- Entries supplied
(* Let $E$ be a separable real Hilbert space with $\dim E\geq 2$. For a measure $\mu\in\mathcal{W}_1(E)$ the following are equivalent: (i) $\mu$ is a Dirac measure; (ii) for every $\nu\in\mathcal{W}_1(E)$ with $\nu\neq\mu$ there exists $\eta\in\mathcal{W}_1(E)$ such that $d_{\mathcal{W}_1}(\mu,\nu)=d_{\mathcal{W}_1}(\nu,\eta)=\tfrac12 d_{\mathcal{W}_1}(\mu,\eta)$.
   Context: $\mathcal{W}_1(E)$ is the set of Borel probability measures $\mu$ on $E$ with $\int_E\|x\|\,d\mu(x)<\infty$, equipped with the distance $d_{\mathcal{W}_1}(\mu,\nu)=\inf_{\pi\in\Pi(\mu,\nu)}\int_{E\times E}\|x-y\|\,d\pi(x,y)$, where $\Pi(\mu,\nu)$ is the set of Borel probability measures on $E\times E$ with marginals $\mu$ and $\nu$. *)

theory Defs
  imports "HOL-Probability.Probability"
begin

definition W1_space :: "'a::real_normed_vector measure set" where
  "W1_space = {\<mu>. sets \<mu> = sets borel \<and> prob_space \<mu> \<and>
                    (\<integral>\<^sup>+ x. ennreal (norm x) \<partial>\<mu>) < \<infinity>}"

definition couplings :: "'a::real_normed_vector measure \<Rightarrow> 'a measure \<Rightarrow> ('a \<times> 'a) measure set" where
  "couplings \<mu> \<nu> = {\<pi>. sets \<pi> = sets (borel \<Otimes>\<^sub>M borel) \<and> prob_space \<pi> \<and>
                        distr \<pi> borel fst = \<mu> \<and> distr \<pi> borel snd = \<nu>}"

definition W1_dist :: "'a::real_normed_vector measure \<Rightarrow> 'a measure \<Rightarrow> ennreal" where
  "W1_dist \<mu> \<nu> = (INF \<pi>\<in>couplings \<mu> \<nu>. \<integral>\<^sup>+ p. ennreal (norm (fst p - snd p)) \<partial>\<pi>)"

end

theory Submission
  imports Defs
begin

- About this exercise
Each line that contains the string "with" counts once; report how many such lines the entries have, giving only the number.

- Result for this exercise
2